Citizens for Strong Schools, Inc. v. Florida State Board of Education

CANADY, C.J., concurring.

The manifest goal of the Petitioners and the dissenting justices is to put educational funding and educational policy firmly under the control of the judiciary. That is the only possible path forward once a judicial decision is made that "the State has failed to ensure that its allocations are the best use of funding," that "the State is not funding schools in an efficient manner," and that the State has not "allocate[d] resources in a productive manner and without waste." Dissenting op. at 153 (Pariente, J.). The response to such a judicial decision would involve judicial control of educational funding levels and judicial control of how educational funds are used. There is no reason to believe that the judiciary is competent to make these complex and difficult policy choices. And there is every reason to believe that arrogating *144such policy choices to the judiciary would do great violence to the separation of powers established in our Constitution.

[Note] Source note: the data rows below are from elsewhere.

lemma level_chart_differentiable_tangential_grad:
  assumes chart: "level_chart \<Gamma> n V \<phi>" and ut: "Ck 2 ut U" and "V \<subseteq> U" and y: "y \<in> V"
  shows "(\<lambda>y. grad ut y - (grad ut y \<bullet> sgn (grad \<phi> y)) *\<^sub>R sgn (grad \<phi> y)) differentiable (at y)"
  using Ck2_differentiable_grad[OF ut] level_chart_differentiable_normal[OF chart y] assms(3) y
  by (intro differentiable_diff differentiable_scaleR differentiable_inner) auto

lemma surf_grad_locally_diff_extendable:
  assumes surf: "smooth_surface \<Gamma> n" and U: "open U" "\<Gamma> \<subseteq> U"
    and ut: "Ck 2 ut U" "\<forall>x\<in>\<Gamma>. ut x = u x"
  shows "locally_diff_extendable \<Gamma> (\<lambda>y. surf_grad \<Gamma> n u y $ i)"
  unfolding locally_diff_extendable_def
proof
  fix p assume p: "p \<in> \<Gamma>"
  obtain V \<phi> where V: "p \<in> V" "V \<subseteq> U" and chart: "level_chart \<Gamma> n V \<phi>"
    using smooth_surface_chart[OF surf p U(1)] U(2) p by blast
  define T where "T y = grad ut y - (grad ut y \<bullet> sgn (grad \<phi> y)) *\<^sub>R sgn (grad \<phi> y)" for y
  have "\<forall>y\<in>V. (\<lambda>y. T y $ i) differentiable (at y)"
    using differentiable_vec_nth[OF level_chart_differentiable_tangential_grad[OF chart ut(1) V(2)]]
    unfolding T_def by blast
  moreover have "\<forall>y\<in>\<Gamma> \<inter> V. T y $ i = surf_grad \<Gamma> n u y $ i"
    using surf_grad_eq_ext[OF surf U Ck2_imp_Ck1[OF ut(1)] ut(2)] level_chartD(5)[OF chart]
    by (simp add: T_def)
  ultimately show "\<exists>S Z. open S \<and> p \<in> S \<and> (\<forall>y\<in>S. Z differentiable (at y)) \<and>
      (\<forall>y\<in>\<Gamma> \<inter> S. Z y = surf_grad \<Gamma> n u y $ i)"
    using level_chartD(1)[OF chart] V(1) by blast
qed

text \<open>With \<open>N\<close> the unit normal field of a chart and \<open>q = \<langle>\<nabla>u, N\<rangle>\<close>, the field
  \<open>\<nabla>u - q N\<close> extends \<open>\<nabla>\<^sub>\<Gamma> u\<close>; the product rule splits off \<open>q (\<nabla>\<cdot>N - n\<^sup>T (\<nabla>N) n) = -2 H q\<close>.\<close>
lemma lap_beltrami_eq:
  assumes surf: "smooth_surface \<Gamma> n" and U: "open U" "\<Gamma> \<subseteq> U"
    and ut: "Ck 2 ut U" "\<forall>x\<in>\<Gamma>. ut x = u x" and x: "x \<in> \<Gamma>"
  shows "lap_beltrami \<Gamma> n u x
    = lap ut x - hess_form ut (n x) x + 2 * mean_curv \<Gamma> n x * (n x \<bullet> grad ut x)"
proof -
  obtain V \<phi> where V: "x \<in> V" "V \<subseteq> U" and chart: "level_chart \<Gamma> n V \<phi>"
    using smooth_surface_chart[OF surf x U(1)] U(2) x by blast
  define N where "N y = sgn (grad \<phi> y)" for y
  define q where "q y = grad ut y \<bullet> N y" for y
  have xU: "x \<in> U" using V by blast
  have Nx: "N x = n x" "n x \<bullet> n x = 1"
    using level_chartD(5)[OF chart x V(1)] smooth_surface_normal_norm[OF surf x]
    by (simp_all add: N_def power2_norm_eq_inner[symmetric])
  have dN: "N differentiable (at x)"
    unfolding N_def by (rule level_chart_differentiable_normal[OF chart V(1)])
  have dgrad: "grad ut differentiable (at x)" by (rule Ck2_differentiable_grad[OF ut(1) xU])
  have dq: "q differentiable (at x)"
    unfolding q_def using dgrad dN by (rule differentiable_inner)
  have dqN: "(\<lambda>y. q y *\<^sub>R N y) differentiable (at x)"
    using dq dN by (rule differentiable_scaleR)
  have "lap_beltrami \<Gamma> n u x = divg (\<lambda>y. grad ut y - q y *\<^sub>R N y) x
      - jac_form (\<lambda>y. grad ut y - q y *\<^sub>R N y) (n x) x"
    unfolding lap_beltrami_def
  proof (rule surf_div_eq[OF surf surf_grad_locally_diff_extendable[OF surf U ut] x
        level_chartD(1)[OF chart] V(1)])
    show "(\<lambda>y. (grad ut y - q y *\<^sub>R N y) $ i) differentiable (at x)" for i
      using differentiable_vec_nth[OF differentiable_diff[OF dgrad dqN]] by simp
    show "\<forall>y\<in>\<Gamma> \<inter> V. grad ut y - q y *\<^sub>R N y = surf_grad \<Gamma> n u y"
      using surf_grad_eq_ext[OF surf U Ck2_imp_Ck1[OF ut(1)] ut(2)] level_chartD(5)[OF chart]
      by (simp add: q_def N_def)
  qed
  also have "\<dots> = lap ut x - hess_form ut (n x) x - q x * (divg N x - jac_form N (n x) x)"
    using differentiable_vec_nth[OF dgrad] differentiable_vec_nth[OF dqN]
      differentiable_vec_nth[OF dN] dq Nx
    by (simp add: divg_diff jac_form_diff divg_scaleR jac_form_scaleR divg_grad jac_form_grad
        algebra_simps)
  also have "divg N x - jac_form N (n x) x = surf_div \<Gamma> n n x"
    using level_chartD(5)[OF chart] differentiable_vec_nth[OF dN]
    by (intro surf_div_eq[OF surf smooth_surface_normal_extendable[OF surf] x
          level_chartD(1)[OF chart] V(1), symmetric]) (auto simp: N_def)
  finally show ?thesis
    using mean_curv_eq_surf_div[OF surf x] Nx(1) by (simp add: q_def inner_commute)
qed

Contrary to the position of the Petitioners and the dissenters, the addition to the Constitution of the capaciously vague terms "efficient" and "high quality" cannot be understood to have wrought a revolution in the separation of powers. I therefore fully concur with the plurality opinion's view that going down the path charted by the Petitioners and the dissenters would be inconsistent with this Court's precedent in Coalition for Adequacy & Fairness in School Funding, Inc. v. Chiles , 680 So.2d 400 (Fla. 1996), that requires judicially manageable standards in order for the judiciary to intervene.

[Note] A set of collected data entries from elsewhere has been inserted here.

lemma card_cross_vertices_interior: "card (cross_vertices n - {- int n, int n}) = 2 * (n - 1)"
proof -
  have "cross_vertices n - {- int n, int n} = {- int n + 1 .. -1} \<union> {1 .. int n - 1}"
    unfolding cross_vertices_def by auto
  moreover have "card ({- int n + 1 .. -1} \<union> {1 .. int n - 1}) = 2 * (n - 1)"
    by (subst card_Un_disjoint) auto
  ultimately show ?thesis by simp
qed

definition admissible :: "nat \<Rightarrow> int set \<Rightarrow> bool" where
  "admissible n F \<longleftrightarrow>
     F \<subseteq> cross_vertices n \<and> - int n \<in> F \<and> int n \<in> F \<and> (\<exists>r. strict_abs_min F r)"

lemma admissible_finite: "admissible n F \<Longrightarrow> finite F"
  unfolding admissible_def using finite_cross_vertices finite_subset by blast

lemma admissible_imp_one_le: "admissible n S \<Longrightarrow> 1 \<le> n"
  unfolding admissible_def cross_vertices_def by auto

definition set_flip :: "nat \<Rightarrow> int set \<Rightarrow> int set \<Rightarrow> bool" where
  "set_flip n F G \<longleftrightarrow> admissible n F \<and> admissible n G \<and>
     (\<exists>w. w \<notin> F \<and> G = insert w F \<or> w \<notin> G \<and> F = insert w G)"

lemma symp_set_flip: "symp (set_flip n)"
  unfolding symp_def set_flip_def by blast

lemma flips_to_superset:
  assumes "admissible n A" "A \<subseteq> B" "B \<subseteq> cross_vertices n" "strict_abs_min B r"
  shows "(set_flip n ^^ card (B - A)) A B"
  using assms
proof (induction "card (B - A)" arbitrary: A)
  case 0
  have "finite (B - A)" using 0(4) finite_cross_vertices finite_subset by blast
  with 0 have "A = B" by auto
  then show ?case by simp
next
  case (Suc k)
  have "B - A \<noteq> {}" using Suc.hyps(2) by (metis card.empty nat.distinct(1))
  then obtain x where x: "x \<in> B - A" "r \<notin> A \<Longrightarrow> x = r"
    using Suc.prems(4) unfolding strict_abs_min_def by blast
  have "r \<in> insert x A" using x by blast
  then have "strict_abs_min (insert x A) r"
    using strict_abs_min_subset[OF Suc.prems(4)] Suc.prems(2) x(1) by blast
  then have "admissible n (insert x A)"
    using Suc.prems(1,3) x(1) unfolding admissible_def by blast
  then have "set_flip n A (insert x A)"
    using Suc.prems(1) x(1) unfolding set_flip_def by blast
  moreover have "card (B - insert x A) = k"
  proof -
    have "B - insert x A = (B - A) - {x}" by blast
    moreover have "finite (B - A)" using Suc.prems(3) finite_cross_vertices finite_subset by blast
    ultimately show ?thesis using Suc.hyps(2) x(1) by simp
  qed
  then have "(set_flip n ^^ k) (insert x A) B"
    using Suc.hyps(1) \<open>admissible n (insert x A)\<close> Suc.prems(2-4) x(1) by blast
  ultimately have "(set_flip n ^^ Suc k) A B" by (rule relpowp_Suc_I2)
  with Suc.hyps(2) show ?case by simp
qed
(* Consider the two-route traffic model described in the context, under the assumptions (A1)–(A5) listed there. Let $P:=\{x\in\Omega:\ 0\le x_1\le C_1,\ 0\le x_2\le C_2\}$. Then: (i) $P$ is positively invariant, i.e., every solution $x(t)$ of the system with $x(0)\in P$ satisfies $x(t)\in P$ for all $t\ge 0$; (ii) $P$ is globally attractive, i.e., for every open neighbourhood $U$ of $P$ and every initial condition $x_0\in\Omega$ there exists $\tau(x_0)>0$ such that the solution starting at $x_0$ lies in $U$ for all $t>\tau(x_0)$.
   Context: Two routes $i=1,2$ connect an origin to a destination. For each route there are positive parameters $B_i$ (jam density), $C_i$ (critical density), $F_i$ (maximum capacity) with $C_i<B_i$; the traffic demand is a constant $\phi>0$. Set $v_i=F_i/C_i$. The state is $x=(x_1,x_2)\in\Omega:=[0,B_1]\times[0,B_2]$ and evolves by $\dot x_i=\min\{\phi R_i(x),S_i(x_i)\}-D_i(x_i)$, $i=1,2$, where the supply is $S_i(x_i)=F_i$ if $x_i<C_i$ and $S_i(x_i)=\frac{F_i}{B_i-C_i}(B_i-x_i)$ otherwise, and the demand is $D_i(x_i)=v_ix_i$ if $x_i<C_i$ and $D_i(x_i)=F_i$ otherwise. The routing ratios are $R_i(x)=(1-\alpha)r_i^0+\alpha\, r_i(\tau(x))$, where $\alpha\in(0,1]$ (penetration rate), $r_1^0,r_2^0\ge 0$ are constants with $r_1^0+r_2^0=1$, $\tau(x)=(\tau_1(x_1),\tau_2(x_2))$ with each travel time $\tau_i$ a $C^1$ strictly increasing function, and the functions $r_i$ satisfy $0\le r_i(\tau(x))\le 1$, $r_1(\tau(x))+r_2(\tau(x))=1$ for all $x\in\Omega$, and $x\mapsto r_i(\tau(x))$ is globally Lipschitz and $C^1$ on $\Omega$. Assumptions: (A1) $\phi<F_1+F_2$; (A2)–(A3) the properties of $\tau_i$, $r_i$ just listed; (A4) the routing ratios are strictly monotone: $\partial R_i/\partial \tau_j>0$ for $i\neq j$; (A5) $F_i>(1-\alpha)\phi r_i^0$ for $i=1,2$. *)

theory Defs
  imports "HOL-Analysis.Analysis"
begin
theorem theorem5:
  fixes n :: nat and E H :: "nat \<Rightarrow> 'w set" and p :: "nat \<Rightarrow> real"
  assumes "logically_independent n E H"
    and "\<forall>i\<in>{1..n}. 0 \<le> p i \<and> p i \<le> 1"
  shows "\<forall>k\<in>{2..n}.
    {z. coherent (insert 0 {1..k}) (ext_cons k E H) (ext_ant k H) (p(0 := z))}
      = {T_L k p .. S0H k p}"
proof
  fix k assume k: "k \<in> {2..n}"
  then have p01: "\<forall>i\<in>{1..k}. 0 \<le> p i \<and> p i \<le> 1" using assms(2) by auto
  have "1 \<le> k" "k \<le> n" using k by auto
  show "{z. coherent (insert 0 {1..k}) (ext_cons k E H) (ext_ant k H) (p(0 := z))} = {T_L k p .. S0H k p}"
    using T_L_le_if_coherent le_S0H_if_coherent p01
      coherent_if_between_T_L_S0H[OF assms(1) \<open>1 \<le> k\<close> \<open>k \<le> n\<close> p01]
    by fastforce
qed

end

In striking down a delegation of legislative power to the executive, we previously held that "[t]he legislative responsibility to set fiscal priorities through appropriations is totally abandoned when the power to reduce, nullify, or change those priorities is given over to the total discretion of another branch of government." Chiles v. Children A, B, C, D, E, & F , 589 So.2d 260, 265 (Fla. 1991). We recognized the fundamental point that "[u]nder any working system of government, one of the branches must be able to exercise the power of the purse, and in our system it is the legislature, as representative of the people and maker of laws, including laws pertaining to appropriations, to whom that power is constitutionally assigned." Id. at 267. We emphasized the importance of this unique role played by the Legislature in controlling state spending:

The constitution specifically provides for the legislature alone to have the power to appropriate state funds. More importantly, only the legislature, as the voice of the people, may determine and weigh the multitude of needs and fiscal priorities of the State of Florida. The legislature must carry out its constitutional duty to establish fiscal priorities in light of the financial resources it has provided.

Id.

Of course, this does not mean that the judiciary in adjudicating individual constitutional claims can never make decisions that have an impact on state spending. But it does mean that the judiciary cannot take over the appropriations process and policymaking concerning the use of state funds for the public school system. If the judiciary does so, it strikes a grievous blow against the constitutional separation of powers. And that is exactly what the Petitioners and the dissenters would have us do. This is not a case in which a constitutional attack is made on specific identified actions of the government that have violated the Constitution. Instead, it is a challenge based on particular conditions that allegedly offend the Constitution and that are assumed to result from a complex series of deficient actions of the State-involving appropriations and the use of appropriated funds-that remains unidentified.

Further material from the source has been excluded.